§ **How to complete this task**:
Reproduce exactly the lines below from the one containing "lam f \<longleftrightarrow>" through the one containing "(\<kappa> x x' \<and> s", including both, and nothing else.

§ **Data**:
(* Let $(X,\kappa)$ be a digital image and let $m$ be a positive integer. Then $(X,\kappa)$ has both the digital fixed point property with respect to $[0,m]_{\mathbb{Z}}$ and the digital homotopy fixed point property if and only if $X$ is a singleton.
   Context: A digital image is a pair $(X,\kappa)$ with $X \subset \mathbb{Z}^n$ and $\kappa$ an adjacency relation on $X$. For integers $a<b$, $[a,b]_{\mathbb{Z}} = \{z \in \mathbb{Z} : a \le z \le b\}$ with $2$-adjacency (consecutive integers adjacent). A function $f:(X,\kappa)\to(Y,\lambda)$ is $(\kappa,\lambda)$-continuous if whenever $x \leftrightarrow_\kappa x'$ we have $f(x)=f(x')$ or $f(x)\leftrightarrow_\lambda f(x')$. A $\kappa$-path is a $(2,\kappa)$-continuous function $p:[0,m]_{\mathbb{Z}} \to X$. The normal product adjacency $\kappa_*$ on $X \times [0,m]_{\mathbb{Z}}$: $(x,s) \leftrightarrow_{\kappa_*} (x',s')$ iff ($x \leftrightarrow_\kappa x'$ and $s=s'$) or ($x=x'$ and $|s-s'|=1$) or ($x \leftrightarrow_\kappa x'$ and $|s-s'|=1$). For $f: X \times [0,m]_{\mathbb{Z}} \to X$ and $t \in [0,m]_{\mathbb{Z}}$, $f_t: X\to X$ is $f_t(x)=f(x,t)$. $(X,\kappa)$ has the digital fixed point property with respect to $[0,m]_{\mathbb{Z}}$ if for every $(\kappa_*,\kappa)$-continuous $f: X \times [0,m]_{\mathbb{Z}} \to X$ there is a $\kappa$-path $p:[0,m]_{\mathbb{Z}} \to X$ with $f_t(p(t)) = p(t)$ for all $t$. A digital homotopy is a function $F: X \times [0,m]_{\mathbb{Z}} \to X$ ($m \in \mathbb{N}$) such that each $F_t$ is $(\kappa,\kappa)$-continuous and each $t \mapsto F(x,t)$ is $(2,\kappa)$-continuous. $(X,\kappa)$ has the digital homotopy fixed point property if for every digital homotopy $F: X \times [0,m]_{\mathbb{Z}} \to X$ (any $m$) there is a $\kappa$-path $p:[0,m]_{\mathbb{Z}}\to X$ with $F_t(p(t))=p(t)$ for all $t \in [0,m]_{\mathbb{Z}}$. *)

theory Defs
  imports "HOL-Analysis.Analysis"
begin

definition adjacency_on :: "(int ^ 'n) set \<Rightarrow> (int ^ 'n \<Rightarrow> int ^ 'n \<Rightarrow> bool) \<Rightarrow> bool" where
  "adjacency_on X \<kappa> \<longleftrightarrow>
     (\<forall>x y. \<kappa> x y \<longrightarrow> x \<in> X \<and> y \<in> X \<and> x \<noteq> y \<and> \<kappa> y x)"

definition adj2 :: "int \<Rightarrow> int \<Rightarrow> bool" where
  "adj2 s t \<longleftrightarrow> \<bar>s - t\<bar> = 1"

definition digitally_continuous ::
  "'a set \<Rightarrow> ('a \<Rightarrow> 'a \<Rightarrow> bool) \<Rightarrow> 'b set \<Rightarrow> ('b \<Rightarrow> 'b \<Rightarrow> bool) \<Rightarrow> ('a \<Rightarrow> 'b) \<Rightarrow> bool" where
  "digitally_continuous X \<kappa> Y lam f \<longleftrightarrow>
     f ` X \<subseteq> Y \<and>
     (\<forall>x\<in>X. \<forall>x'\<in>X. \<kappa> x x' \<longrightarrow> f x = f x' \<or> lam (f x) (f x'))"

definition digital_path :: "'a set \<Rightarrow> ('a \<Rightarrow> 'a \<Rightarrow> bool) \<Rightarrow> int \<Rightarrow> (int \<Rightarrow> 'a) \<Rightarrow> bool" where
  "digital_path X \<kappa> m p \<longleftrightarrow> digitally_continuous {0..m} adj2 X \<kappa> p"

definition normal_prod_adj :: "('a \<Rightarrow> 'a \<Rightarrow> bool) \<Rightarrow> 'a \<times> int \<Rightarrow> 'a \<times> int \<Rightarrow> bool" where
  "normal_prod_adj \<kappa> p q \<longleftrightarrow>
     (case p of (x, s) \<Rightarrow> case q of (x', s') \<Rightarrow>
        (\<kappa> x x' \<and> s = s') \<or> (x = x' \<and> \<bar>s - s'\<bar> = 1) \<or> (\<kappa> x x' \<and> \<bar>s - s'\<bar> = 1))"

definition fpp_wrt_interval :: "'a set \<Rightarrow> ('a \<Rightarrow> 'a \<Rightarrow> bool) \<Rightarrow> int \<Rightarrow> bool" where
  "fpp_wrt_interval X \<kappa> m \<longleftrightarrow>
     (\<forall>f. digitally_continuous (X \<times> {0..m}) (normal_prod_adj \<kappa>) X \<kappa> f \<longrightarrow>
        (\<exists>p. digital_path X \<kappa> m p \<and> (\<forall>t\<in>{0..m}. f (p t, t) = p t)))"

definition digital_homotopy :: "'a set \<Rightarrow> ('a \<Rightarrow> 'a \<Rightarrow> bool) \<Rightarrow> int \<Rightarrow> ('a \<times> int \<Rightarrow> 'a) \<Rightarrow> bool" where
  "digital_homotopy X \<kappa> m F \<longleftrightarrow>
     (\<forall>t\<in>{0..m}. digitally_continuous X \<kappa> X \<kappa> (\<lambda>x. F (x, t))) \<and>
     (\<forall>x\<in>X. digitally_continuous {0..m} adj2 X \<kappa> (\<lambda>t. F (x, t)))"

definition homotopy_fpp :: "'a set \<Rightarrow> ('a \<Rightarrow> 'a \<Rightarrow> bool) \<Rightarrow> bool" where
  "homotopy_fpp X \<kappa> \<longleftrightarrow>
     (\<forall>m::int. m \<ge> 1 \<longrightarrow> (\<forall>F. digital_homotopy X \<kappa> m F \<longrightarrow>
        (\<exists>p. digital_path X \<kappa> m p \<and> (\<forall>t\<in>{0..m}. F (p t, t) = p t))))"

end

theory Submission
  imports Defs
begin

text \<open>A digital image with two distinct points has a continuous self-map without fixed points:
  swap the two ends of an edge if there is one, and otherwise any map onto two points is
  continuous. Made constant in the time coordinate, such a map contradicts the fixed point
  property with respect to [0,m]; the identity shows that this property also excludes the
  empty image. So the forward direction needs only the fixed point property with respect to
  [0,m]. Conversely, on a singleton every map fixes the point and the constant path works.\<close>

lemma adjacency_on_symp_irreflp:
  assumes "adjacency_on X \<kappa>"
  shows "symp \<kappa>" "irreflp \<kappa>"
  using assms unfolding adjacency_on_def symp_def irreflp_def by blast+

lemma fixed_point_free_self_map:
  assumes "symp \<kappa>" "irreflp \<kappa>"
    and "x0 \<in> X" "x1 \<in> X" "x0 \<noteq> x1"
  shows "\<exists>g. digitally_continuous X \<kappa> X \<kappa> g \<and> (\<forall>x\<in>X. g x \<noteq> x)"
proof (cases "\<exists>a\<in>X. \<exists>b\<in>X. \<kappa> a b")
  case True
  then obtain a b where ab: "a \<in> X" "b \<in> X" "\<kappa> a b" by blast
  then have "\<kappa> b a" "a \<noteq> b"
    using assms(1,2) by (auto dest: sympD irreflpD)
  let ?g = "\<lambda>x. if x = a then b else a"
  have "digitally_continuous X \<kappa> X \<kappa> ?g"
    unfolding digitally_continuous_def using ab \<open>\<kappa> b a\<close> by auto
  moreover have "\<forall>x\<in>X. ?g x \<noteq> x" using \<open>a \<noteq> b\<close> by auto
  ultimately show ?thesis by blast
next
  case False
  let ?g = "\<lambda>x. if x = x0 then x1 else x0"
  have "digitally_continuous X \<kappa> X \<kappa> ?g"
    unfolding digitally_continuous_def using False assms(3,4) by auto
  moreover have "\<forall>x\<in>X. ?g x \<noteq> x" using assms(5) by auto
  ultimately show ?thesis by blast
qed

lemma digitally_continuous_fst:
  assumes "digitally_continuous X \<kappa> Y \<mu> g"
  shows "digitally_continuous (X \<times> T) (normal_prod_adj \<kappa>) Y \<mu> (g \<circ> fst)"
  using assms unfolding digitally_continuous_def normal_prod_adj_def by auto

lemma fpp_wrt_interval_fixed_point:
  assumes "fpp_wrt_interval X \<kappa> m" "0 \<le> m"
    and "digitally_continuous X \<kappa> X \<kappa> g"
  shows "\<exists>x\<in>X. g x = x"
proof -
  obtain p where p: "digital_path X \<kappa> m p" "\<forall>t\<in>{0..m}. (g \<circ> fst) (p t, t) = p t"
    using assms(1) digitally_continuous_fst[OF assms(3)] unfolding fpp_wrt_interval_def by blast
  have "0 \<in> {0..m}" using assms(2) by simp
  then have "p 0 \<in> X" "g (p 0) = p 0"
    using p unfolding digital_path_def digitally_continuous_def by auto
  then show ?thesis by blast
qed

lemma fpp_wrt_interval_singleton:
  assumes "fpp_wrt_interval X \<kappa> m" "0 \<le> m" "symp \<kappa>" "irreflp \<kappa>"
  shows "\<exists>x. X = {x}"
proof -
  obtain x where "x \<in> X"
    using fpp_wrt_interval_fixed_point[OF assms(1,2), of id]
    unfolding digitally_continuous_def by auto
  moreover have "y = x" if "y \<in> X" for y
    using fixed_point_free_self_map[OF assms(3,4) \<open>x \<in> X\<close> that]
      fpp_wrt_interval_fixed_point[OF assms(1,2)] by metis
  ultimately show ?thesis by blast
qed

lemma digital_path_const:
  assumes "x \<in> X"
  shows "digital_path X \<kappa> m (\<lambda>_. x)"
  using assms unfolding digital_path_def digitally_continuous_def by auto

lemma singleton_fpp_wrt_interval: "fpp_wrt_interval {x} \<kappa> m"
  unfolding fpp_wrt_interval_def
proof (intro allI impI)
  fix f assume "digitally_continuous ({x} \<times> {0..m}) (normal_prod_adj \<kappa>) {x} \<kappa> f"
  then have "\<forall>t\<in>{0..m}. f (x, t) = x"
    unfolding digitally_continuous_def by auto
  then show "\<exists>p. digital_path {x} \<kappa> m p \<and> (\<forall>t\<in>{0..m}. f (p t, t) = p t)"
    using digital_path_const[of x] by blast
qed

lemma singleton_homotopy_fpp: "homotopy_fpp {x} \<kappa>"
  unfolding homotopy_fpp_def
proof (intro allI impI)
  fix m :: int and F assume "digital_homotopy {x} \<kappa> m F"
  then have "\<forall>t\<in>{0..m}. F (x, t) = x"
    unfolding digital_homotopy_def digitally_continuous_def by auto
  then show "\<exists>p. digital_path {x} \<kappa> m p \<and> (\<forall>t\<in>{0..m}. F (p t, t) = p t)"
    using digital_path_const[of x] by blast
qed

theorem mainTheorem3:
  fixes X :: "(int ^ 'n) set" and \<kappa> :: "int ^ 'n \<Rightarrow> int ^ 'n \<Rightarrow> bool" and m :: int
  assumes "adjacency_on X \<kappa>" and "m \<ge> 1"
  shows "(fpp_wrt_interval X \<kappa> m \<and> homotopy_fpp X \<kappa>) \<longleftrightarrow> (\<exists>x. X = {x})"
proof
  assume "fpp_wrt_interval X \<kappa> m \<and> homotopy_fpp X \<kappa>"
  then have "fpp_wrt_interval X \<kappa> m" ..
  with assms show "\<exists>x. X = {x}"
    by (simp add: fpp_wrt_interval_singleton adjacency_on_symp_irreflp)
next
  assume "\<exists>x. X = {x}"
  then obtain x where "X = {x}" ..
  then show "fpp_wrt_interval X \<kappa> m \<and> homotopy_fpp X \<kappa>"
    by (simp add: singleton_fpp_wrt_interval singleton_homotopy_fpp)
qed

end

§ **Solution**:
  "digitally_continuous X \<kappa> Y lam f \<longleftrightarrow>
     f ` X \<subseteq> Y \<and>
     (\<forall>x\<in>X. \<forall>x'\<in>X. \<kappa> x x' \<longrightarrow> f x = f x' \<or> lam (f x) (f x'))"

definition digital_path :: "'a set \<Rightarrow> ('a \<Rightarrow> 'a \<Rightarrow> bool) \<Rightarrow> int \<Rightarrow> (int \<Rightarrow> 'a) \<Rightarrow> bool" where
  "digital_path X \<kappa> m p \<longleftrightarrow> digitally_continuous {0..m} adj2 X \<kappa> p"

definition normal_prod_adj :: "('a \<Rightarrow> 'a \<Rightarrow> bool) \<Rightarrow> 'a \<times> int \<Rightarrow> 'a \<times> int \<Rightarrow> bool" where
  "normal_prod_adj \<kappa> p q \<longleftrightarrow>
     (case p of (x, s) \<Rightarrow> case q of (x', s') \<Rightarrow>
        (\<kappa> x x' \<and> s = s') \<or> (x = x' \<and> \<bar>s - s'\<bar> = 1) \<or> (\<kappa> x x' \<and> \<bar>s - s'\<bar> = 1))"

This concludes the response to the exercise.